A Strategy to Suit the Situation
Investment in stocks made on analysis of valuation metrics is usually considered one of the best practices. When considering valuation metrics, price-to-earnings ratio has always been the obvious choice. This is because calculations based on earnings are easy and come in handy. However, price-to-sales has emerged as a convenient tool to determine the value of stocks that are incurring losses or are in an early cycle of development, generating meager or no profits.
While a loss-making company with a negative price-to-earnings ratio falls out of investor favor, its price-to-sales could indicate the hidden strength of its business. This underrated ratio is also used to identify a recovery situation or ensure that a company's growth is not overvalued.
A stock’s price-to-sales ratio reflects how much investors are paying for each dollar of revenues generated by a company.
If the price-to-sales ratio is 1, it means that investors are paying $1 for every $1 of revenues generated by the company.
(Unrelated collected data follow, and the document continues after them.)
(* Let $\mathcal C$ be a convex curve whose radius of curvature satisfies $\rho\ge R_1$ at every point, for some constant $R_1>0$, and whose total curvature satisfies $\int_{\mathcal C}\kappa\,ds\le \pi$. Let $\mathcal L$ be a lattice in $\mathbb R^2$. If $$\frac{\mathrm{Length}(\mathcal C)}{(A_{\mathcal L} R_1)^{1/3}}\le 2,$$ then $\mathcal C$ contains at most two points of $\mathcal L$.
   Context: A lattice is a set $\mathcal L=\mathcal L(v_0,v_1,v_2)=\{v_0+mv_1+nv_2: m,n\in\mathbb Z\}$ where $v_0,v_1,v_2\in\mathbb R^2$ and $v_1,v_2$ are linearly independent (points need not have integer coordinates). Its invariant is $A_{\mathcal L}=|\det(v_1,v_2)|$, the absolute value of the determinant of the $2\times2$ matrix with columns $v_1,v_2$. All curves are of class $C^2$ with nonvanishing first and second derivative vectors, oriented so that the curvature $\kappa$ is positive; a convex curve is such a curve (lying on the boundary of a convex planar region). The radius of curvature is $\rho=1/\kappa$, $s$ is arclength, and the total curvature of $\mathcal C$ is $\int_{\mathcal C}\kappa\,ds$, the total change of the tangent angle along $\mathcal C$. *)

theory Defs
  imports "HOL-Analysis.Analysis"
begin

definition det2 :: "real^2 \<Rightarrow> real^2 \<Rightarrow> real" where
  "det2 u v = u$1 * v$2 - u$2 * v$1"

definition lattice :: "real^2 \<Rightarrow> real^2 \<Rightarrow> real^2 \<Rightarrow> (real^2) set" where
  "lattice v0 v1 v2 = {v0 + of_int m *\<^sub>R v1 + of_int n *\<^sub>R v2 | m n. True}"

definition lattice_invariant :: "real^2 \<Rightarrow> real^2 \<Rightarrow> real" where
  "lattice_invariant v1 v2 = \<bar>det2 v1 v2\<bar>"

definition vd1 :: "(real \<Rightarrow> real^2) \<Rightarrow> real \<Rightarrow> real \<Rightarrow> real \<Rightarrow> real^2" where
  "vd1 \<gamma> a b t = vector_derivative \<gamma> (at t within {a..b})"

definition vd2 :: "(real \<Rightarrow> real^2) \<Rightarrow> real \<Rightarrow> real \<Rightarrow> real \<Rightarrow> real^2" where
  "vd2 \<gamma> a b t = vector_derivative (vd1 \<gamma> a b) (at t within {a..b})"
lemma max_gap_minimizer_active_hull:
  fixes F :: "('a::real_inner \<times> 'a) set"
  assumes fin: "finite F" and ne: "F \<noteq> {}" and min: "\<And>q. max_gap F q0 \<le> max_gap F q"
  defines "K \<equiv> {k\<in>F. monotone_gap k q0 = max_gap F q0}"
  shows "0 \<in> convex hull ((\<lambda>k. 2 *\<^sub>R q0 + snd k - fst k) ` K)"
proof (rule ccontr)
  assume not0: "0 \<notin> convex hull ((\<lambda>k. 2 *\<^sub>R q0 + snd k - fst k) ` K)"
  (* then the point w of least norm in the hull is a common descent direction of the active gaps *)
  define g where "g k = 2 *\<^sub>R q0 + snd k - fst k" for k
  define C where "C = convex hull (g ` K)"
  have "finite K" "K \<noteq> {}" using fin max_gap_attained[OF fin ne, of q0] by (force simp: K_def)+
  then have "compact C" "C \<noteq> {}" by (auto simp: C_def finite_imp_compact_convex_hull)
  then obtain w where w: "w \<in> C" "\<forall>y\<in>C. dist 0 w \<le> dist 0 y"
    using continuous_attains_inf[of C norm] continuous_on_norm_id by auto
  have "w \<noteq> 0" using w(1) not0 by (auto simp: C_def g_def)
  have w_g: "(norm w)\<^sup>2 \<le> inner w (g k)" if "k \<in> K" for k
  proof -
    have "inner (0 - w) (g k - w) \<le> 0"
      using any_closest_point_dot[of C w "g k" 0] w that \<open>compact C\<close>
      by (auto simp: C_def compact_imp_closed hull_inc)
    then show ?thesis by (simp add: inner_diff_right power2_norm_eq_inner)
  qed
  have "\<forall>\<^sub>F t in at_right 0. monotone_gap k (q0 - t *\<^sub>R w) < max_gap F q0" if "k \<in> F" for k
  proof (cases "k \<in> K")
    case True
    then show ?thesis
      using monotone_gap_descent[OF \<open>w \<noteq> 0\<close> w_g[OF True, unfolded g_def]] by (simp add: K_def)
  next
    case False
    then have "monotone_gap k q0 < max_gap F q0"
      using monotone_gap_le_max_gap[OF fin that, of q0] that by (auto simp: K_def)
    moreover have "((\<lambda>t. monotone_gap k (q0 - t *\<^sub>R w)) \<longlongrightarrow> monotone_gap k (q0 - 0 *\<^sub>R w)) (at_right 0)"
      by (intro continuous_on_tendsto_compose[OF continuous_on_monotone_gap[of UNIV]] tendsto_intros) auto
    ultimately show ?thesis by (simp add: order_tendstoD)
  qed
  then have "\<forall>\<^sub>F t in at_right 0. \<forall>k\<in>F. monotone_gap k (q0 - t *\<^sub>R w) < max_gap F q0"
    by (rule eventually_ball_finite[OF fin, rule_format])
  then obtain t :: real where "\<forall>k\<in>F. monotone_gap k (q0 - t *\<^sub>R w) < max_gap F q0"
    using eventually_happens'[OF trivial_limit_at_right_real] by blast
  then have "max_gap F (q0 - t *\<^sub>R w) < max_gap F q0" using max_gap_attained[OF fin ne] by metis
  then show False using min by (simp add: not_le[symmetric])
qed
(* Let $E,F$ be Banach lattices, let $\mathcal{P}\subseteq \mathrm{L}(E,F)$ be a nonempty set of operators with $\mathcal{P}+\mathcal{P}\subseteq\mathcal{P}$ and $\mathcal{P}-\mathcal{P}\subseteq\mathcal{P}$, and let $T\in\mathrm{L}(E,F)$. (i) $T$ is an r-$\mathcal{P}$-operator if and only if $T\in\mathcal{P}$ and $T$ is $\mathcal{P}$-dominated. (ii) Assume the modulus $|T|$ of $T$ exists in $\mathrm{L}(E,F)$ and that $\mathcal{P}$ satisfies the domination property. Then $T$ is an r-$\mathcal{P}$-operator if and only if $|T|\in\mathcal{P}$.
   Context: All vector spaces are real; $\mathrm{L}(E,F)$ is the space of bounded linear operators, ordered by $S\le T$ iff $T-S$ is positive. Elements of $\mathcal{P}$ are called $\mathcal{P}$-operators. An operator $T:E\to F$ is an r-$\mathcal{P}$-operator if $T=T_1-T_2$ with $T_1,T_2$ positive operators belonging to $\mathcal{P}$. $\mathcal{P}$ satisfies the domination property if $0\le S\le T\in\mathcal{P}$ implies $S\in\mathcal{P}$. An operator $T\in\mathrm{L}(E,F)$ is $\mathcal{P}$-dominated if there is $U\in\mathcal{P}$ with $T\le U$ and $-T\le U$. *)

theory Defs
  imports "HOL-Analysis.Analysis"
begin

class banach_lattice = banach + lattice + ordered_real_vector +
  assumes lattice_norm: "sup x (- x) \<le> sup y (- y) \<Longrightarrow> norm x \<le> norm y"

definition positive_op :: "('a::banach_lattice \<Rightarrow>\<^sub>L 'b::banach_lattice) \<Rightarrow> bool" where
  "positive_op T \<longleftrightarrow> (\<forall>x. 0 \<le> x \<longrightarrow> 0 \<le> blinfun_apply T x)"

definition op_le :: "('a::banach_lattice \<Rightarrow>\<^sub>L 'b::banach_lattice) \<Rightarrow> ('a \<Rightarrow>\<^sub>L 'b) \<Rightarrow> bool" where
  "op_le S T \<longleftrightarrow> positive_op (T - S)"

definition r_P_operator :: "('a::banach_lattice \<Rightarrow>\<^sub>L 'b::banach_lattice) set \<Rightarrow> ('a \<Rightarrow>\<^sub>L 'b) \<Rightarrow> bool" where
  "r_P_operator P T \<longleftrightarrow>
     (\<exists>T1 T2. positive_op T1 \<and> positive_op T2 \<and> T1 \<in> P \<and> T2 \<in> P \<and> T = T1 - T2)"

definition domination_property :: "('a::banach_lattice \<Rightarrow>\<^sub>L 'b::banach_lattice) set \<Rightarrow> bool" where
  "domination_property P \<longleftrightarrow> (\<forall>S T. op_le 0 S \<and> op_le S T \<and> T \<in> P \<longrightarrow> S \<in> P)"

definition P_dominated :: "('a::banach_lattice \<Rightarrow>\<^sub>L 'b::banach_lattice) set \<Rightarrow> ('a \<Rightarrow>\<^sub>L 'b) \<Rightarrow> bool" where
  "P_dominated P T \<longleftrightarrow> (\<exists>U\<in>P. op_le T U \<and> op_le (- T) U)"

definition is_modulus :: "('a::banach_lattice \<Rightarrow>\<^sub>L 'b::banach_lattice) \<Rightarrow> ('a \<Rightarrow>\<^sub>L 'b) \<Rightarrow> bool" where
  "is_modulus T M \<longleftrightarrow> op_le T M \<and> op_le (- T) M \<and>
     (\<forall>U. op_le T U \<and> op_le (- T) U \<longrightarrow> op_le M U)"

end

theory Submission
  imports Defs
begin

text \<open>If \<open>T = T\<^sub>1 - T\<^sub>2\<close> with positive \<open>T\<^sub>1, T\<^sub>2 \<in> P\<close>, then \<open>T\<^sub>1 + T\<^sub>2 \<in> P\<close> dominates
  \<open>\<plusminus>T\<close>. Conversely, any \<open>U\<close> dominating \<open>\<plusminus>T\<close> is positive, since \<open>2U = (U - T) + (U + T)\<close>,
  and \<open>T = (U + T) - U\<close> is a difference of positive operators; if \<open>U, T \<in> P\<close>,
  both summands lie in \<open>P\<close>. For the modulus \<open>M = |T|\<close>: it lies between \<open>0\<close> and any
  operator dominating \<open>\<plusminus>T\<close>, and \<open>0 \<le> M + T \<le> 2M\<close>, so the domination property
  puts \<open>M\<close> resp. \<open>M + T\<close> into \<open>P\<close>.\<close>

lemma nonneg_if_double_nonneg:
  fixes a :: "'a::ordered_real_vector"
  assumes "0 \<le> a + a"
  shows "0 \<le> a"
proof -
  have "(1/2::real) *\<^sub>R (a + a) = (1/2 + 1/2::real) *\<^sub>R a"
    by (simp only: scaleR_add_right scaleR_add_left)
  then have "a = (1/2::real) *\<^sub>R (a + a)"
    by simp
  also have "0 \<le> \<dots>"
    using assms by (intro scaleR_nonneg_nonneg) simp_all
  finally show ?thesis .
qed

lemma op_le_0_iff_positive_op: "op_le 0 T \<longleftrightarrow> positive_op T"
  by (simp add: op_le_def)

lemma positive_op_add:
  assumes "positive_op A" "positive_op B"
  shows "positive_op (A + B)"
  using assms by (simp add: positive_op_def blinfun.add_left)

lemma positive_op_if_dominates:
  assumes "op_le T U" "op_le (- T) U"
  shows "positive_op U"
proof -
  have "positive_op (U - T)" "positive_op (U + T)"
    using assms by (simp_all add: op_le_def)
  then have "positive_op ((U - T) + (U + T))"
    by (rule positive_op_add)
  then have "positive_op (U + U)"
    by simp
  then have "0 \<le> blinfun_apply U x + blinfun_apply U x" if "0 \<le> x" for x
    using that by (simp add: positive_op_def blinfun.add_left)
  then show ?thesis
    unfolding positive_op_def by (blast intro: nonneg_if_double_nonneg)
qed

lemma op_le_diff_add:
  assumes "positive_op A" "positive_op B"
  shows "op_le (A - B) (A + B)" "op_le (- (A - B)) (A + B)"
proof -
  have "A + B - (A - B) = B + B" "A + B - - (A - B) = A + A"
    by simp_all
  then show "op_le (A - B) (A + B)" "op_le (- (A - B)) (A + B)"
    using assms by (simp_all add: op_le_def positive_op_add)
qed

lemma P_dominated_if_r_P_operator:
  assumes add: "\<forall>S\<in>P. \<forall>R\<in>P. S + R \<in> P" and "r_P_operator P T"
  shows "P_dominated P T"
proof -
  obtain T\<^sub>1 T\<^sub>2 where "positive_op T\<^sub>1" "positive_op T\<^sub>2" "T\<^sub>1 \<in> P" "T\<^sub>2 \<in> P" "T = T\<^sub>1 - T\<^sub>2"
    using \<open>r_P_operator P T\<close> by (auto simp: r_P_operator_def)
  then show ?thesis
    using add op_le_diff_add unfolding P_dominated_def by blast
qed

lemma mem_if_r_P_operator:
  assumes "\<forall>S\<in>P. \<forall>R\<in>P. S - R \<in> P" and "r_P_operator P T"
  shows "T \<in> P"
  using assms by (auto simp: r_P_operator_def)

lemma r_P_operator_if_dominated_by:
  assumes "op_le T U" "op_le (- T) U" "U \<in> P" "U + T \<in> P"
  shows "r_P_operator P T"
proof -
  have "positive_op U" "positive_op (U + T)"
    using assms(1,2) positive_op_if_dominates by (auto simp: op_le_def)
  moreover have "T = (U + T) - U"
    by simp
  ultimately show ?thesis
    using assms(3,4) unfolding r_P_operator_def by blast
qed

lemma modulus_mem_if_P_dominated:
  assumes "domination_property P" "is_modulus T M" "P_dominated P T"
  shows "M \<in> P"
proof -
  obtain U where "U \<in> P" "op_le T U" "op_le (- T) U"
    using \<open>P_dominated P T\<close> by (auto simp: P_dominated_def)
  moreover have "op_le 0 M"
    using \<open>is_modulus T M\<close> positive_op_if_dominates
    by (auto simp: is_modulus_def op_le_0_iff_positive_op)
  ultimately show ?thesis
    using assms(1,2) unfolding domination_property_def is_modulus_def by blast
qed

lemma modulus_add_mem:
  assumes add: "\<forall>S\<in>P. \<forall>R\<in>P. S + R \<in> P"
    and "domination_property P" "is_modulus T M" "M \<in> P"
  shows "M + T \<in> P"
proof -
  have "op_le T M" "op_le (- T) M"
    using \<open>is_modulus T M\<close> by (auto simp: is_modulus_def)
  then have "op_le 0 (M + T)" "op_le (M + T) (M + M)"
    by (simp_all add: op_le_def algebra_simps)
  moreover have "M + M \<in> P"
    using add \<open>M \<in> P\<close> by blast
  ultimately show ?thesis
    using \<open>domination_property P\<close> unfolding domination_property_def by blast
qed

theorem proposition3p4:
  fixes P :: "('a::banach_lattice \<Rightarrow>\<^sub>L 'b::banach_lattice) set"
    and T :: "'a \<Rightarrow>\<^sub>L 'b"
  assumes "P \<noteq> {}"
    and add: "\<forall>S\<in>P. \<forall>R\<in>P. S + R \<in> P"
    and sub: "\<forall>S\<in>P. \<forall>R\<in>P. S - R \<in> P"
  shows "(r_P_operator P T \<longleftrightarrow> T \<in> P \<and> P_dominated P T) \<and>
         (\<forall>M. is_modulus T M \<and> domination_property P \<longrightarrow>
           (r_P_operator P T \<longleftrightarrow> M \<in> P))"
proof (intro conjI allI impI)
  show "r_P_operator P T \<longleftrightarrow> T \<in> P \<and> P_dominated P T"
  proof
    assume "r_P_operator P T"
    then show "T \<in> P \<and> P_dominated P T"
      using add sub mem_if_r_P_operator P_dominated_if_r_P_operator by blast
  next
    assume "T \<in> P \<and> P_dominated P T"
    then obtain U where "U \<in> P" "op_le T U" "op_le (- T) U" "U + T \<in> P"
      using add by (auto simp: P_dominated_def)
    then show "r_P_operator P T"
      by (intro r_P_operator_if_dominated_by)
  qed
next
  fix M
  assume M: "is_modulus T M \<and> domination_property P"
  show "r_P_operator P T \<longleftrightarrow> M \<in> P"
  proof
    assume "r_P_operator P T"
    then show "M \<in> P"
      using add M modulus_mem_if_P_dominated P_dominated_if_r_P_operator by blast
  next
    assume "M \<in> P"
    have "op_le T M" "op_le (- T) M"
      using M by (simp_all add: is_modulus_def)
    moreover have "M + T \<in> P"
      using modulus_add_mem[OF add] M \<open>M \<in> P\<close> by blast
    ultimately show "r_P_operator P T"
      using \<open>M \<in> P\<close> by (intro r_P_operator_if_dominated_by)
  qed
qed

end
text \<open>Mean value theorem for t \<mapsto> x^* F[B + tD] x on [0, 1]: its derivative is the form of the
  Hadamard product D \<circ> F'[B + tD], and D lives on I - {k}.\<close>
lemma qform_entrywise_mono:
  fixes F F' :: "complex \<Rightarrow> complex"
  assumes fin: "finite I" and k: "k \<in> I" and psdD: "psd I D"
    and Dk: "\<forall>j\<in>I. D k j = 0" "\<forall>i\<in>I. D i k = 0"
    and psd_deriv: "\<And>t. 0 \<le> t \<Longrightarrow> t \<le> 1 \<Longrightarrow> psd (I - {k}) (\<lambda>i j. F' (B i j + complex_of_real t * D i j))"
    and deriv: "\<And>z. (F has_field_derivative F' z) (at z)"
  shows "Re (qform I (\<lambda>i j. F (B i j)) x) \<le> Re (qform I (\<lambda>i j. F (B i j + D i j)) x)"
proof -
  define \<Phi> where "\<Phi> w = qform I (\<lambda>i j. F (B i j + w * D i j)) x" for w
  define \<Phi>' where "\<Phi>' w = qform I (\<lambda>i j. F' (B i j + w * D i j) * D i j) x" for w
  have "(\<Phi> has_field_derivative \<Phi>' w) (at w)" for w
  proof -
    have "((\<lambda>w. \<Sum>i\<in>I. \<Sum>j\<in>I. cnj (x i) * F (B i j + w * D i j) * x j) has_field_derivative
        (\<Sum>i\<in>I. \<Sum>j\<in>I. cnj (x i) * (F' (B i j + w * D i j) * D i j) * x j)) (at w)"
    proof (intro DERIV_sum DERIV_cmult_right DERIV_cmult)
      fix i j
      have "((\<lambda>w. B i j + w * D i j) has_field_derivative D i j) (at w)"
        by (auto intro!: derivative_eq_intros)
      then show "((\<lambda>w. F (B i j + w * D i j)) has_field_derivative F' (B i j + w * D i j) * D i j) (at w)"
        by (rule DERIV_chain2[OF deriv])
    qed
    then show ?thesis unfolding \<Phi>_def[abs_def] \<Phi>'_def qform_def by (simp add: mult.assoc)
  qed
  then have "((\<lambda>t. Re (\<Phi> (complex_of_real t))) has_real_derivative Re (\<Phi>' (complex_of_real t))) (at t)" for t
    by (rule has_field_derivative_Re[OF has_vector_derivative_real_field])
  then obtain \<xi> where \<xi>: "0 < \<xi>" "\<xi> < 1"
    and mvt: "Re (\<Phi> 1) - Re (\<Phi> 0) = (1 - 0) * Re (\<Phi>' (complex_of_real \<xi>))"
    using MVT2[of 0 1 "\<lambda>t. Re (\<Phi> (complex_of_real t))"] by force
  let ?G = "\<lambda>i j. F' (B i j + complex_of_real \<xi> * D i j)"
  have "psd (I - {k}) (\<lambda>i j. D i j * ?G i j)"
    by (rule psd_hadamard) (use fin psd_subset[OF psdD _ fin] psd_deriv \<xi> in auto)
  moreover have "\<Phi>' (complex_of_real \<xi>) = qform (I - {k}) (\<lambda>i j. D i j * ?G i j) x"
    unfolding \<Phi>'_def using qform_remove[OF fin k, of "\<lambda>i j. D i j * ?G i j" x] Dk
    by (simp add: mult.commute)
  ultimately have "0 \<le> Re (\<Phi>' (complex_of_real \<xi>))" unfolding psd_def by simp
  then have "Re (\<Phi> 0) \<le> Re (\<Phi> 1)" using mvt by simp
  then show ?thesis unfolding \<Phi>_def by simp
qed
lemma prefix_mass_le_card_mult_mprob:
  assumes Q: "Q \<in> prob_simplex n" and \<sigma>: "prob_ordering m n Q \<sigma>" and k: "k \<in> emp_counts m n"
  shows "prefix_mass m n Q \<sigma> k \<le> real (card (emp_counts m n)) * mprob m n Q k"
proof -
  define N where "N = card (emp_counts m n)"
  have bij: "bij_betw \<sigma> {..<N} (emp_counts m n)"
    and mono: "\<And>i j. i \<le> j \<Longrightarrow> j < N \<Longrightarrow> mprob m n Q (\<sigma> i) \<le> mprob m n Q (\<sigma> j)"
    using \<sigma> by (simp_all add: prob_ordering_def N_def)
  define pos where "pos = the_inv_into {..<N} \<sigma> k"
  have inj: "inj_on \<sigma> {..<N}" and k_img: "k \<in> \<sigma> ` {..<N}"
    using bij k by (auto simp: bij_betw_def)
  have pos: "pos < N" "\<sigma> pos = k"
    using the_inv_into_into[OF inj k_img, of "{..<N}"] f_the_inv_into_f[OF inj k_img]
    by (simp_all add: pos_def)
  have "prefix_mass m n Q \<sigma> k = (\<Sum>j\<le>pos. mprob m n Q (\<sigma> j))"
    by (simp add: prefix_mass_def pos_def N_def)
  also have "\<dots> \<le> (\<Sum>j\<le>pos. mprob m n Q k)"
    by (rule sum_mono) (use mono[of _ pos] pos in auto)
  also have "\<dots> = real (Suc pos) * mprob m n Q k"
    by simp
  also have "\<dots> \<le> real N * mprob m n Q k"
    using pos mprob_nonneg[OF Q] by (intro mult_right_mono) auto
  finally show ?thesis
    unfolding N_def .
qed

lemma typical_singleton_imp_mprob_ge:
  assumes Q: "Q \<in> prob_simplex n" and k: "k \<in> emp_counts m n"
    and is_typical: "typical m n {Q} \<epsilon> k"
  shows "\<epsilon> \<le> (real m + 1) ^ n * mprob m n Q k"
proof -
  obtain \<sigma> where \<sigma>: "prob_ordering m n Q \<sigma>"
    using prob_ordering_exists by blast
  have "\<epsilon> \<le> prefix_mass m n Q \<sigma> k"
    using is_typical \<sigma> unfolding typical_def by (auto dest: spec[of _ "\<lambda>_. \<sigma>"])
  also have "\<dots> \<le> real (card (emp_counts m n)) * mprob m n Q k"
    by (rule prefix_mass_le_card_mult_mprob[OF Q \<sigma> k])
  also have "\<dots> \<le> real ((m + 1) ^ n) * mprob m n Q k"
    using of_nat_mono[OF card_emp_counts_le] mprob_nonneg[OF Q] by (rule mult_right_mono)
  finally show ?thesis
    by (simp add: add.commute)
qed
So, it goes without saying that a stock with a price-to-sales below 1 is a good bargain, as investors need to pay less than a dollar for a dollar’s worth.
Thus, a stock with a lower price-to-sales ratio is a more suitable investment than a stock with a high price-to-sales ratio.
Price-to-sales is often preferred over price-to-earnings as companies can manipulate their earnings using various accounting measures. However, sales are harder to manipulate and are relatively reliable.
However, one should keep in mind that a company with high debt and low price-to-sales is not an ideal choice. The high debt level will have to be paid off at some point, leading to further share issuance, rise in market cap and ultimately a higher price-to-sales ratio.
In any case, the price-to-sales ratio used in isolation cannot do the trick. One should also analyze other ratios like Price/Earnings, Price/Book and Debt/Equity before arriving at any investment decision.